The Greenock and Wemyss Bay Railway was a railway owned by the Caledonian Railway, providing services between Greenock and Wemyss Bay.
In 1841 the Glasgow, Paisley and Greenock Railway opened its line. At the time the River Clyde was heavily used by boats, but it was impassable for sea-going vessels, involving transshipment at Greenock, and transfer of passengers.
The company's promoters anticipated the carriage of goods from the industries of Greenock, and as well as competing for the transshipment traffic. However their terminal station at Greenock was at Cathcart Street, some distance from the Custom House Quay and not directly connected to any shipping berth.
Nonetheless substantial traffic built up, and in particular passenger traffic grew considerably. The traffic to resort locations on the Firth of Clyde and other coastal places, was especially encouraging, and the steamer trade became lucrative.
The throughout journey time—rail and ship—was considered critical. As a pioneer railway, the Greenock company had not given thought to this, but slowly the disadvantage of the Greenock station became more prominent. The walk from the railway station to the Quay was through squalid streets, and the steamer transit to the lower Clyde involved a circuit round Kempock Point and Cloch Point to reach the seaway.
In 1851 the Glasgow, Paisley and Greenock Railway was absorbed by the dominant Caledonian Railway.
Rothesay assumed dominance as the resort destination of choice, and many businesspeople in Glasgow kept residences there, travelling weekly to their places of business in the City. Promoters saw that a railway link to Wemyss Bay would be ideal, as the pier they lay directly opposite Rothesay, and on 17 July 1862 they obtained Parliamentary authorisation for the Greenock and Wemyss Bay Railway. Their line was to form a junction with the Greenock line a short distance west of Port Glasgow station; it would then climb and run round to the south of Greenock, then following the valley of the Spango Burn to a station on the hillside above Inverkip, then turning south to a pier station at Wemyss Bay. Lands were acquired speculatively at Upper Greenock for industrial development.
The line was opened to traffic on 15 May 1865.

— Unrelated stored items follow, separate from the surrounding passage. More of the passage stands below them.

lemma fps_eq_upto_refl [simp]: "fps_eq_upto d f f"
  by (simp add: fps_eq_upto_def)

lemma fps_eq_upto_sym: "fps_eq_upto d f g \<Longrightarrow> fps_eq_upto d g f"
  by (simp add: fps_eq_upto_def)

lemma fps_eq_upto_trans [trans]: "fps_eq_upto d f g \<Longrightarrow> fps_eq_upto d g h \<Longrightarrow> fps_eq_upto d f h"
  by (simp add: fps_eq_upto_def)

lemma fps_eq_upto_imp_eq: "(\<And>d. fps_eq_upto d f g) \<Longrightarrow> f = g"
  by (auto simp: fps_eq_upto_def intro!: fps_ext)

lemma fps_eq_upto_add:
  "fps_eq_upto d f g \<Longrightarrow> fps_eq_upto d f' g' \<Longrightarrow> fps_eq_upto d (f + f') (g + g')"
  by (simp add: fps_eq_upto_def)

lemma fps_eq_upto_mult:
  fixes f g f' g' :: "'a::semiring_0 fps"
  shows "fps_eq_upto d f g \<Longrightarrow> fps_eq_upto d f' g' \<Longrightarrow> fps_eq_upto d (f * f') (g * g')"
  unfolding fps_eq_upto_def fps_mult_nth by (auto intro!: sum.cong)

lemma fps_eq_upto_sum:
  "(\<And>j. j \<in> S \<Longrightarrow> fps_eq_upto d (f j) (g j)) \<Longrightarrow> fps_eq_upto d (\<Sum>j\<in>S. f j) (\<Sum>j\<in>S. g j)"
  by (induct S rule: infinite_finite_induct) (auto intro: fps_eq_upto_add)

lemma fps_eq_upto_prod:
  fixes f g :: "'b \<Rightarrow> 'a::comm_semiring_1 fps"
  shows "(\<And>j. j \<in> S \<Longrightarrow> fps_eq_upto d (f j) (g j)) \<Longrightarrow> fps_eq_upto d (\<Prod>j\<in>S. f j) (\<Prod>j\<in>S. g j)"
  by (induct S rule: infinite_finite_induct) (auto intro: fps_eq_upto_mult)

lemma fps_eq_upto_one_plus_X_power: "d < m \<Longrightarrow> fps_eq_upto d (1 + fps_X ^ m) 1"
  by (auto simp: fps_eq_upto_def)

lemma fps_eq_upto_X_power_mult: "d < m \<Longrightarrow> fps_eq_upto d (fps_X ^ m * f) 0"
  by (auto simp: fps_eq_upto_def fps_X_power_mult_nth)

lemma fps_eq_upto_mult_cancel:
  fixes f g h :: "'a::field fps"
  assumes "fps_eq_upto d (f * h) (g * h)" "h $ 0 \<noteq> 0"
  shows "fps_eq_upto d f g"
proof -
  have "fps_eq_upto d (f * h * inverse h) (g * h * inverse h)"
    using assms(1) by (rule fps_eq_upto_mult) simp
  then show ?thesis
    using inverse_mult_eq_1'[OF assms(2)] by (simp add: mult.assoc)
qed

lemma bit_fps_two [simp]: "(2::bit fps) = 0"
  by (rule fps_ext) (simp add: fps_numeral_nth)

lemma bit_fps_minus_eq_add: "(f::bit fps) - g = f + g"
  by (rule fps_ext) simp

lemma bit_fps_power2_add: "((f::bit fps) + g) ^ 2 = f ^ 2 + g ^ 2"
  by (simp add: power2_sum)

lemma bit_fps_power3_add: "((f::bit fps) + g) ^ 3 = f ^ 3 + f ^ 2 * g + f * g ^ 2 + g ^ 3"
proof -
  have "(3::bit fps) = 1"
    by (rule fps_ext) (simp add: fps_numeral_nth)
  moreover have "(f + g) ^ 3 = f ^ 3 + 3 * f ^ 2 * g + 3 * f * g ^ 2 + g ^ 3"
    by (simp add: power3_eq_cube power2_eq_square algebra_simps)
  ultimately show ?thesis by simp
qed

lemma sum_bit_fixed_points:
  assumes "\<And>x. x \<in> S \<Longrightarrow> \<sigma> x \<in> S" "\<And>x. x \<in> S \<Longrightarrow> \<sigma> (\<sigma> x) = x"
    and "\<And>x. x \<in> S \<Longrightarrow> f (\<sigma> x) = f x" and "finite S"
  shows "(\<Sum>x\<in>S. f x :: bit) = (\<Sum>x\<in>{x\<in>S. \<sigma> x = x}. f x)"
proof -
  have "(\<Sum>x\<in>{x\<in>S. \<sigma> x \<noteq> x}. f x) = 0"
    using assms(1-3) by (intro sum_involution_eq_0[where h = \<sigma>]) auto
  moreover have "S = {x\<in>S. \<sigma> x = x} \<union> {x\<in>S. \<sigma> x \<noteq> x}" by auto
  ultimately show ?thesis
    using assms(4) by (metis (no_types, lifting) add_0_right sum.union_disjoint
        disjoint_iff finite_Un mem_Collect_eq)
qed

lemma bit_fps_power2_nth: "((h::bit fps) ^ 2) $ n = (if even n then h $ (n div 2) else 0)"
proof -
  have "(h ^ 2) $ n = (\<Sum>i\<in>{0..n}. h $ i * h $ (n - i))"
    by (simp add: power2_eq_square fps_mult_nth)
  also have "\<dots> = (\<Sum>i\<in>{i\<in>{0..n}. n - i = i}. h $ i * h $ (n - i))"
    by (rule sum_bit_fixed_points[where \<sigma> = "\<lambda>i. n - i"]) (auto simp: mult.commute)
  also have "{i\<in>{0..n}. n - i = i} = (if even n then {n div 2} else {})"
    by auto presburger+
  finally show ?thesis by (auto elim!: evenE)
qed

lemma bit_fps_power4_nth: "((h::bit fps) ^ 4) $ n = (if 4 dvd n then h $ (n div 4) else 0)"
proof -
  have "h ^ 4 = (h ^ 2) ^ 2" by (simp flip: power_mult)
  moreover have "even n \<and> even (n div 2) \<longleftrightarrow> 4 dvd n" by presburger
  ultimately show ?thesis
    by (simp only: bit_fps_power2_nth div_mult2_eq) auto
qed

definition int_coeffs :: "'a::floor_ceiling fps \<Rightarrow> bool" where
  "int_coeffs f \<longleftrightarrow> (\<forall>n. f $ n \<in> \<int>)"

text \<open>Only meaningful for \<open>int_coeffs f\<close>; the floor just makes it total.\<close>

definition fps_mod2 :: "'a::floor_ceiling fps \<Rightarrow> bit fps" where
  "fps_mod2 f = Abs_fps (\<lambda>n. of_int \<lfloor>f $ n\<rfloor>)"

lemma fps_mod2_nth: "fps_mod2 f $ n = of_int \<lfloor>f $ n\<rfloor>"
  by (simp add: fps_mod2_def)

lemma int_coeffs_nth_eq_floor: "int_coeffs f \<Longrightarrow> f $ n = of_int \<lfloor>f $ n\<rfloor>"
  unfolding int_coeffs_def by (metis Ints_cases floor_of_int)

lemma int_coeffs_one [simp]: "int_coeffs 1"
  and int_coeffs_X_power [simp]: "int_coeffs (fps_X ^ m)"
  by (auto simp: int_coeffs_def)

lemma int_coeffs_diff: "int_coeffs f \<Longrightarrow> int_coeffs g \<Longrightarrow> int_coeffs (f - g)"
  by (auto simp: int_coeffs_def)

lemma int_coeffs_mult: "int_coeffs f \<Longrightarrow> int_coeffs g \<Longrightarrow> int_coeffs (f * g)"
  unfolding int_coeffs_def fps_mult_nth by (auto intro!: Ints_sum Ints_mult)

lemma int_coeffs_prod: "(\<And>j. j \<in> S \<Longrightarrow> int_coeffs (f j)) \<Longrightarrow> int_coeffs (\<Prod>j\<in>S. f j)"
  by (induct S rule: infinite_finite_induct) (auto intro: int_coeffs_mult)

lemma int_coeffs_power: "int_coeffs f \<Longrightarrow> int_coeffs (f ^ n)"
  by (induct n) (auto intro: int_coeffs_mult)

lemma int_coeffs_inverse:
  assumes "int_coeffs f" "f $ 0 = 1"
  shows "int_coeffs (inverse f)"
proof -
  have "inverse f $ n \<in> \<int>" for n
  proof (induct n rule: less_induct)
    case (less n)
    show ?case
    proof (cases n)
      case (Suc n')
      have "(f * inverse f) $ n = 0"
        using assms(2) Suc by (simp add: inverse_mult_eq_1')
      then have "(\<Sum>i=0..n. f $ i * inverse f $ (n - i)) = 0"
        by (simp add: fps_mult_nth)
      then have "inverse f $ n = - (\<Sum>i=1..n. f $ i * inverse f $ (n - i))"
        using assms(2) by (simp add: sum.atLeast_Suc_atMost Suc)
      moreover have "(\<Sum>i=1..n. f $ i * inverse f $ (n - i)) \<in> \<int>"
        using assms(1) less by (intro Ints_sum Ints_mult) (auto simp: int_coeffs_def)
      ultimately show ?thesis by simp
    qed (use assms(2) in simp)
  qed
  then show ?thesis by (simp add: int_coeffs_def)
qed

lemma fps_mod2_one [simp]: "fps_mod2 1 = 1"
  by (rule fps_ext) (simp add: fps_mod2_nth)

lemma fps_mod2_one_minus_X_power: "fps_mod2 (1 - fps_X ^ m) = 1 + fps_X ^ m"
  by (rule fps_ext) (simp add: fps_mod2_nth)

lemma fps_mod2_mult:
  assumes "int_coeffs f" "int_coeffs g"
  shows "fps_mod2 (f * g) = fps_mod2 f * fps_mod2 g"
proof (rule fps_ext)
  fix n
  have "(f * g) $ n = of_int (\<Sum>i=0..n. \<lfloor>f $ i\<rfloor> * \<lfloor>g $ (n - i)\<rfloor>)"
    unfolding fps_mult_nth of_int_sum of_int_mult
    using int_coeffs_nth_eq_floor[OF assms(1)] int_coeffs_nth_eq_floor[OF assms(2)]
    by (intro sum.cong) auto
  then have "fps_mod2 (f * g) $ n = (of_int (\<Sum>i=0..n. \<lfloor>f $ i\<rfloor> * \<lfloor>g $ (n - i)\<rfloor>) :: bit)"
    by (simp only: fps_mod2_nth floor_of_int)
  then show "fps_mod2 (f * g) $ n = (fps_mod2 f * fps_mod2 g) $ n"
    by (simp only: of_int_sum of_int_mult fps_mod2_nth fps_mult_nth)
qed

lemma fps_mod2_prod:
  "(\<And>j. j \<in> S \<Longrightarrow> int_coeffs (f j)) \<Longrightarrow> fps_mod2 (\<Prod>j\<in>S. f j) = (\<Prod>j\<in>S. fps_mod2 (f j))"
  by (induct S rule: infinite_finite_induct) (simp_all add: fps_mod2_mult int_coeffs_prod)

lemma fps_mod2_power: "int_coeffs f \<Longrightarrow> fps_mod2 (f ^ n) = fps_mod2 f ^ n"
  by (induct n) (simp_all add: fps_mod2_mult int_coeffs_power)

lemma fps_mod2_inverse:
  assumes "int_coeffs f" "f $ 0 = 1"
  shows "fps_mod2 (inverse f) = inverse (fps_mod2 f)"
proof -
  have "fps_mod2 f * fps_mod2 (inverse f) = fps_mod2 (f * inverse f)"
    using assms by (simp add: fps_mod2_mult int_coeffs_inverse)
  also have "\<dots> = 1" using assms(2) by (simp add: inverse_mult_eq_1')
  finally show ?thesis by (rule fps_inverse_unique[symmetric])
qed

section \<open>Euler products modulo 2\<close>

definition euler_partial :: "nat \<Rightarrow> nat \<Rightarrow> bit fps" where
  "euler_partial k K = (\<Prod>j<K. 1 + fps_X ^ (k * (j + 1)))"

definition euler_mod2 :: "nat \<Rightarrow> bit fps" where
  "euler_mod2 k = Abs_fps (\<lambda>N. euler_partial k (N + 1) $ N)"

lemma fps_eq_upto_euler_partial:
  assumes "0 < k" "N < K" "K \<le> K'"
  shows "fps_eq_upto N (euler_partial k K') (euler_partial k K)"
proof -
  have "euler_partial k K' = euler_partial k K * (\<Prod>j\<in>{K..<K'}. 1 + fps_X ^ (k * (j + 1)))"
    unfolding euler_partial_def using assms(3)
    by (metis lessThan_atLeast0 prod.atLeastLessThan_concat zero_le)
  moreover have "fps_eq_upto N (\<Prod>j\<in>{K..<K'}. 1 + fps_X ^ (k * (j + 1))) (\<Prod>j\<in>{K..<K'}. 1)"
  proof (rule fps_eq_upto_prod, rule fps_eq_upto_one_plus_X_power)
    fix j assume "j \<in> {K..<K'}"
    then have "N < j + 1" using assms by auto
    also have "j + 1 \<le> k * (j + 1)" using assms(1) mult_le_mono1[of 1 k "j + 1"] by simp
    finally show "N < k * (j + 1)" .
  qed
  ultimately show ?thesis
    using fps_eq_upto_mult[OF fps_eq_upto_refl] by fastforce
qed

lemma fps_eq_upto_euler_mod2:
  assumes "0 < k" "N < K"
  shows "fps_eq_upto N (euler_mod2 k) (euler_partial k K)"
  unfolding fps_eq_upto_def
proof (intro allI impI)
  fix i assume "i \<le> N"
  then have "fps_eq_upto i (euler_partial k K) (euler_partial k (i + 1))"
    using assms by (intro fps_eq_upto_euler_partial) auto
  then show "euler_mod2 k $ i = euler_partial k K $ i"
    by (simp add: euler_mod2_def fps_eq_upto_def)
qed

lemma euler_mod2_nth_0: "0 < k \<Longrightarrow> euler_mod2 k $ 0 = 1"
  by (simp add: euler_mod2_def euler_partial_def)

lemma euler_partial_double: "euler_partial (2 * k) K = euler_partial k K ^ 2"
  unfolding euler_partial_def prod_power_distrib
  by (intro prod.cong) (auto simp: bit_fps_power2_add ac_simps simp flip: power_mult)

lemma euler_mod2_double:
  assumes "0 < k"
  shows "euler_mod2 (2 * k) = euler_mod2 k ^ 2"
proof (rule fps_eq_upto_imp_eq)
  fix d
  have "fps_eq_upto d (euler_mod2 (2 * k)) (euler_partial (2 * k) (d + 1))"
    using assms by (intro fps_eq_upto_euler_mod2) auto
  also have "euler_partial (2 * k) (d + 1) = euler_partial k (d + 1) * euler_partial k (d + 1)"
    by (simp add: euler_partial_double power2_eq_square)
  also have "fps_eq_upto d \<dots> (euler_mod2 k * euler_mod2 k)"
    using assms by (intro fps_eq_upto_mult fps_eq_upto_sym[OF fps_eq_upto_euler_mod2]) auto
  finally show "fps_eq_upto d (euler_mod2 (2 * k)) (euler_mod2 k ^ 2)"
    by (simp add: power2_eq_square)
qed

lemma euler_mod2_times4: "0 < k \<Longrightarrow> euler_mod2 (4 * k) = euler_mod2 k ^ 4"
  using euler_mod2_double[of k] euler_mod2_double[of "2 * k"]
  by (simp flip: power_mult)

lemma fps_mod2_qpoch: "fps_mod2 (qpoch a) = euler_mod2 a"
proof (rule fps_ext)
  fix N
  have "fps_mod2 (qpoch a) $ N = fps_mod2 (\<Prod>j<N+1. 1 - fps_X ^ (a * (j + 1)) :: rat fps) $ N"
    by (simp add: fps_mod2_nth qpoch_def)
  also have "fps_mod2 (\<Prod>j<N+1. 1 - fps_X ^ (a * (j + 1)) :: rat fps) = euler_partial a (N + 1)"
    unfolding euler_partial_def
    by (subst fps_mod2_prod) (auto intro!: int_coeffs_diff simp: fps_mod2_one_minus_X_power)
  finally show "fps_mod2 (qpoch a) $ N = euler_mod2 a $ N"
    by (simp add: euler_mod2_def)
qed

lemma int_coeffs_qpoch: "int_coeffs (qpoch a)"
proof -
  have "int_coeffs (\<Prod>j<N+1. 1 - fps_X ^ (a * (j + 1)) :: rat fps)" for N
    by (intro int_coeffs_prod int_coeffs_diff) auto
  then show ?thesis
    unfolding int_coeffs_def qpoch_def by simp
qed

The railway was worked by the Caledonian Railway, which operated through passenger trains from the Bridge Street station in Glasgow. An independent Wemyss Bay Steamboat Company Limited operated steamers in connection with the trains. However this meant that the railway company was dependent on two other concerns for the conduct of its business, and reliability problems on the railway and in operating the steamers led to a poor reputation. After four years, the Steamboat Company failed (in 1869), and the Rothesay connections, on which the Wemyss Bay Railway relied, were made by other steamer operators as part of their wider network of routes.